I myself suggest the much simpler ‘Height, Weight, Ferguson, Capacity Algorithm’, in

which the combined heights and weights of the squad, season ticket holders and

matchday stewards are multiplied by the number of times your manager’s dad has won

the Premier League, then added to the number of seats in your stadium, to give a figure

that could have been easily compared across the League.

Bizarrely, this was rejected out of hand by the blazered dictators of the Football League

and as such they will be hearing from my lawyers,

Yours sincerely,

Peter Borough


Greetings (insert name of soccer club here) fans!

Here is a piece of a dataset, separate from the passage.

(* Consider the self-attention dynamics without LayerNorm, $X^{(t+1)}=A^{(t)}X^{(t)}W_V^{(t)}$, started from an arbitrary $X^{(0)}\in\mathbb{R}^{N\times d}$, and assume \textbf{A1}, \textbf{A2} and \textbf{A3}. If $\mathcal{G}$ is quasi-strongly connected with radius $r$, then there exists $\epsilon>0$ such that for all $t\ge 0$, $$A^{(t)}_{i,j}\ge \epsilon\quad\text{for all }(j,i)\in E(\mathcal{G}),$$ and there exists $C>0$ such that $$\mu(X^{(t)})\le C\,(1-\epsilon^r)^{t/r}\qquad\text{for all }t\ge 0,$$ i.e. all rows (tokens) of $X^{(t)}$ converge exponentially to a common vector.
   Context: Tokens are the rows of $X\in\mathbb{R}^{N\times d}$. An attention mask is a directed graph $\mathcal{G}$ on the node set $[N]=\{1,\dots,N\}$ with edge set $E(\mathcal{G})$; an edge $(j,i)\in E(\mathcal{G})$ means token $i$ attends to token $j$, and $\mathcal{N}_i=\{k:(k,i)\in E(\mathcal{G})\}$. For $R\in\mathbb{R}^{N\times N}$, the masked softmax is $\mathrm{softmax}_{\mathcal{G}}(R)_{ij}=\exp(R_{ij})/\sum_{k\in\mathcal{N}_i}\exp(R_{ik})$ if $(j,i)\in E(\mathcal{G})$ and $0$ otherwise. The attention matrices are $A^{(t)}=\mathrm{softmax}_{\mathcal{G}}\big(X^{(t)}W_Q^{(t)}(X^{(t)}W_K^{(t)})^\top/\sqrt{d_{QK}}\big)$ with a fixed constant $d_{QK}>0$, query/key matrices $W_Q^{(t)},W_K^{(t)}\in\mathbb{R}^{d\times d'}$ and value matrices $W_V^{(t)}\in\mathbb{R}^{d\times d}$; the mask $\mathcal{G}$ is the same for all $t$. Assumptions: \textbf{A1}: $(i,i)\in E(\mathcal{G})$ for every $i\in[N]$. \textbf{A2}: there is a constant $C'$ with $\max\{\|W_Q^{(t)}\|_2,\|W_K^{(t)}\|_2\}\le C'$ for all $t$. \textbf{A3}: the sequence $\big\{\|W_V^{(0)}W_V^{(1)}\cdots W_V^{(k)}\|_2\big\}_{k\ge0}$ is bounded. Similarity measure: $\mu(X)=\|X-\mathbf{1}\mathbf{1}^\top X/N\|_F$, where $\mathbf{1}\in\mathbb{R}^N$ is the all-ones vector. Graph notions: $v$ is reachable from $u$ if there is a directed path from $u$ to $v$; a center node is a node from which every node is reachable; $\mathcal{G}$ is quasi-strongly connected if it has at least one center node. The distance $\mathrm{dist}(u,v)$ is the length of a shortest directed path from $u$ to $v$; the radius of a quasi-strongly connected graph is $\min_{c\text{ center}}\max_{v}\mathrm{dist}(c,v)$. *)

theory Defs
  imports "HOL-Analysis.Analysis"
begin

As your Prime Minister, I know you all want to put on your soccer rosettes and get back

into your club houses and pagodas as soon as possible to swing your rattles, buy a stout

and some meat-based food of some sort and give your chaps a rousing cheer, as they

make a glorious return to the field of play. To this end, my heroic Minister of Culture,

Media and Sport (put the name here, Jane, I’ve got no idea who is supposed to be doing

this...is it Grayling?) has been working closely with the relevant sport and health officials

to fast track some solutions and there are already a few options being tabled:

1) Let fans cram into grounds as per usual. (Cross fingers and see what happens!)

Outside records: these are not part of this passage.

(* Let $T$ be the rooted infinite tree in which the root is at level $0$ and every vertex at level $n$ has exactly $2^n$ children (at level $n+1$). Then the random basic walk on $T$ is transient with positive probability: the probability that it escapes to infinity (visits infinitely many vertices, each finitely often) is strictly greater than $0$.
   Context: Each undirected edge $\{v,w\}$ is regarded as two arcs $v\to w$ and $w\to v$. A labeling assigns, at each vertex $v$ of degree $\deg(v)$, the port numbers $1,\dots,\deg(v)$ bijectively to the arcs leaving $v$ (labels on $v\to w$ and $w\to v$ need not agree). In a random labeling these bijections are chosen uniformly at random, independently for different vertices. Given a labeling, a starting vertex $v_0$ and an initial port $\ell$, the basic walk leaves $v_0$ along the arc labeled $\ell$; thereafter, whenever it enters a vertex $v$ along an arc whose label is $i$, it leaves $v$ along the arc out of $v$ labeled $(i \bmod \deg(v))+1$. The random basic walk is the basic walk for a random labeling. *)

theory Defs
  imports "HOL-Probability.Probability"
begin

text \<open>The tree T: a vertex at level n is a list [c_0,...,c_(n-1)] of naturals with
  c_i < 2^i (the child index chosen at level i).\<close>

definition T_vertices :: "nat list set" where
  "T_vertices = {xs. \<forall>i < length xs. xs ! i < 2 ^ i}"

definition T_nbrs :: "nat list \<Rightarrow> nat list set" where
  "T_nbrs v = {v @ [c] | c. c < 2 ^ length v} \<union> (if v = [] then {} else {butlast v})"

definition T_deg :: "nat list \<Rightarrow> nat" where
  "T_deg v = card (T_nbrs v)"

text \<open>Port labelings at a single vertex v: bijections from the arcs leaving v
  (identified with their heads) onto {1..deg v}; extended by 0 off the neighbourhood.\<close>

definition local_labelings :: "nat list \<Rightarrow> (nat list \<Rightarrow> nat) set" where
  "local_labelings v =
     {f. bij_betw f (T_nbrs v) {1..T_deg v} \<and> (\<forall>w. w \<notin> T_nbrs v \<longrightarrow> f w = 0)}"

text \<open>A labeling L: L v w is the port number of the arc v \<rightarrow> w at v.
  Random labeling: independent uniform choices at all vertices (infinite product measure).\<close>

definition random_labeling :: "(nat list \<Rightarrow> nat list \<Rightarrow> nat) measure" where
  "random_labeling = (\<Pi>\<^sub>M v\<in>T_vertices. uniform_count_measure (local_labelings v))"

definition port_nbr :: "(nat list \<Rightarrow> nat list \<Rightarrow> nat) \<Rightarrow> nat list \<Rightarrow> nat \<Rightarrow> nat list" where
  "port_nbr L v i = (THE w. w \<in> T_nbrs v \<and> L v w = i)"

text \<open>The n-th arc traversed by the basic walk (as a pair (tail, head)).
  Entering v along the arc u \<rightarrow> v whose label is i = L u v, the walk leaves v along
  the arc labeled (i mod deg v) + 1.\<close>

fun basic_arc :: "(nat list \<Rightarrow> nat list \<Rightarrow> nat) \<Rightarrow> nat list \<Rightarrow> nat \<Rightarrow> nat \<Rightarrow> nat list \<times> nat list" where
  "basic_arc L v0 l 0 = (v0, port_nbr L v0 l)"
| "basic_arc L v0 l (Suc n) =
     (let (u, v) = basic_arc L v0 l n
      in (v, port_nbr L v ((L u v mod T_deg v) + 1)))"

definition basic_walk :: "(nat list \<Rightarrow> nat list \<Rightarrow> nat) \<Rightarrow> nat list \<Rightarrow> nat \<Rightarrow> nat \<Rightarrow> nat list" where
  "basic_walk L v0 l n = (if n = 0 then v0 else snd (basic_arc L v0 l (n - 1)))"

definition escapes :: "(nat \<Rightarrow> nat list) \<Rightarrow> bool" where
  "escapes X \<longleftrightarrow> infinite (range X) \<and> (\<forall>v. finite {n. X n = v})"

end

theory Submission
  imports Defs "HOL-Combinatorics.Transposition"
begin

text \<open>
  With probability at least 1/4 the walk moves away from the root at every step. As long as it
  has only descended, the port by which it leaves a vertex is determined by the labels it has
  already used, while the labeling at the new vertex is fresh and uniform: the walk enters a
  vertex at level n from its parent and leaves it towards one of the 2^n children with
  probability 2^n/(2^n+1). Summing the probabilities of the disjoint events "the labels along a
  given descending path are the ones the walk needs", descending for K steps has probability
  the product of these ratios over the levels passed, which stays above 1/4 because the sum of
  2^-n converges. A walk that descends forever visits each vertex once, so it escapes.
\<close>

definition level_deg :: "nat \<Rightarrow> nat" where
  "level_deg n = 2 ^ n + (if n = 0 then 0 else 1)"

lemma T_nbrs_eq_children_parent:
  "T_nbrs v = (\<lambda>c. v @ [c]) ` {..<2 ^ length v} \<union> (if v = [] then {} else {butlast v})"
  unfolding T_nbrs_def by auto

lemma finite_T_nbrs [simp]: "finite (T_nbrs v)"
  unfolding T_nbrs_eq_children_parent by simp

lemma T_deg_eq_level_deg: "T_deg v = level_deg (length v)"
proof -
  have "card ((\<lambda>c. v @ [c]) ` {..<2 ^ length v}) = 2 ^ length v"
    by (subst card_image) (auto simp: inj_on_def)
  moreover have "butlast v \<notin> (\<lambda>c. v @ [c]) ` {..<2 ^ length v}" if "v \<noteq> []"
    using that by (auto dest: arg_cong[where f = length])
  ultimately show ?thesis
    unfolding T_deg_def T_nbrs_eq_children_parent level_deg_def by (auto simp: card_insert_if)
qed

lemma child_in_T_nbrs: "c < 2 ^ length v \<Longrightarrow> v @ [c] \<in> T_nbrs v"
  unfolding T_nbrs_def by auto

lemma finite_local_labelings [simp]: "finite (local_labelings v)"
proof (rule finite_subset)
  show "local_labelings v \<subseteq>
      {f. \<forall>w. (w \<in> T_nbrs v \<longrightarrow> f w \<in> {1..T_deg v}) \<and> (w \<notin> T_nbrs v \<longrightarrow> f w = 0)}"
    unfolding local_labelings_def by (auto dest: bij_betwE)
  show "finite \<dots>"
    by (intro finite_set_of_finite_funs) simp_all
qed

lemma local_labelings_nonempty: "local_labelings v \<noteq> {}"
proof -
  have "card (T_nbrs v) = card {1..T_deg v}"
    by (simp add: T_deg_def)
  then obtain h where h: "bij_betw h (T_nbrs v) {1..T_deg v}"
    by (metis finite_same_card_bij finite_T_nbrs finite_atLeastAtMost)
  let ?f = "\<lambda>w. if w \<in> T_nbrs v then h w else 0"
  have "bij_betw ?f (T_nbrs v) {1..T_deg v}"
    using h by (rule bij_betw_cong[THEN iffD1, rotated]) simp
  then have "?f \<in> local_labelings v"
    unfolding local_labelings_def by simp
  then show ?thesis by blast
qed

lemma card_local_labelings_eq_port_fibre:
  assumes w: "w \<in> T_nbrs v" and i: "i \<in> {1..T_deg v}"
  shows "card (local_labelings v) = T_deg v * card {f \<in> local_labelings v. f w = i}"
proof -
  let ?F = "\<lambda>j. {f \<in> local_labelings v. f w = j}"
  have relabel: "Transposition.transpose a b \<circ> f \<in> ?F b"
    if "f \<in> ?F a" "a \<in> {1..T_deg v}" "b \<in> {1..T_deg v}" for f a b
  proof -
    have "bij_betw (Transposition.transpose a b \<circ> f) (T_nbrs v) {1..T_deg v}"
      using that unfolding local_labelings_def by (auto intro: bij_betw_trans)
    then show ?thesis
      using that unfolding local_labelings_def by auto
  qed
  have same_card: "card (?F j) = card (?F i)" if j: "j \<in> {1..T_deg v}" for j
  proof (rule sym, rule bij_betw_same_card)
    show "bij_betw (\<lambda>f. Transposition.transpose i j \<circ> f) (?F i) (?F j)"
      by (rule bij_betwI[where g = "\<lambda>f. Transposition.transpose i j \<circ> f"])
        (use relabel[of _ i j] relabel[of _ j i] i j in \<open>auto simp: transpose_commute fun_eq_iff\<close>)
  qed
  have "local_labelings v = (\<Union>j\<in>{1..T_deg v}. ?F j)"
    using w unfolding local_labelings_def by (auto dest: bij_betwE)
  then have "card (local_labelings v) = card (\<Union>j\<in>{1..T_deg v}. ?F j)"
    by (rule arg_cong)
  also have "\<dots> = (\<Sum>j\<in>{1..T_deg v}. card (?F j))"
    by (rule card_UN_disjoint) auto
  also have "\<dots> = (\<Sum>j\<in>{1..T_deg v}. card (?F i))"
    by (rule sum.cong[OF refl same_card])
  also have "\<dots> = T_deg v * card (?F i)"
    by simp
  finally show ?thesis .
qed

lemma emeasure_local_labelings_port:
  assumes "w \<in> T_nbrs v" and "i \<in> {1..T_deg v}"
  shows "emeasure (uniform_count_measure (local_labelings v)) {f \<in> local_labelings v. f w = i}
           = ennreal (1 / T_deg v)"
proof -
  let ?F = "{f \<in> local_labelings v. f w = i}"
  note fibre = card_local_labelings_eq_port_fibre[OF assms]
  have "card (local_labelings v) > 0"
    using local_labelings_nonempty by (simp add: card_gt_0_iff)
  then have "real (card ?F) \<noteq> 0"
    unfolding fibre by (simp only: of_nat_eq_0_iff neq0_conv nat_0_less_mult_iff)
  have "emeasure (uniform_count_measure (local_labelings v)) ?F
      = ennreal (real (card ?F) / real (card (local_labelings v)))"
    by (rule emeasure_uniform_count_measure) auto
  also have "real (card ?F) / real (card (local_labelings v)) = 1 / T_deg v"
    unfolding fibre of_nat_mult using \<open>real (card ?F) \<noteq> 0\<close> by (rule nonzero_divide_mult_cancel_right)
  finally show ?thesis .
qed

lemma prob_space_local_labelings: "prob_space (uniform_count_measure (local_labelings v))"
  by (rule prob_space_uniform_count_measure) (simp_all add: local_labelings_nonempty)

lemma prob_space_random_labeling: "prob_space random_labeling"
  unfolding random_labeling_def by (rule prob_space_PiM) (rule prob_space_local_labelings)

2) Let them in gradually, in dribs and drabs and full body coverings. (Cross fingers and

see what happens!)

3) Require all fans to boost the economy by buying TV sport packages (Cross fingers,

buy shares in Comcast and see what happens!)

4) Never let football be played in front of crowds again. (See if we’ve still got those water

cannons in storage. We’ll need them.)

I’m sure whichever one of these very carefully researched options is chosen, we’ll all do

our patriotic duty and unquestioningly get behind it.

Up the (insert name of soccer club here)!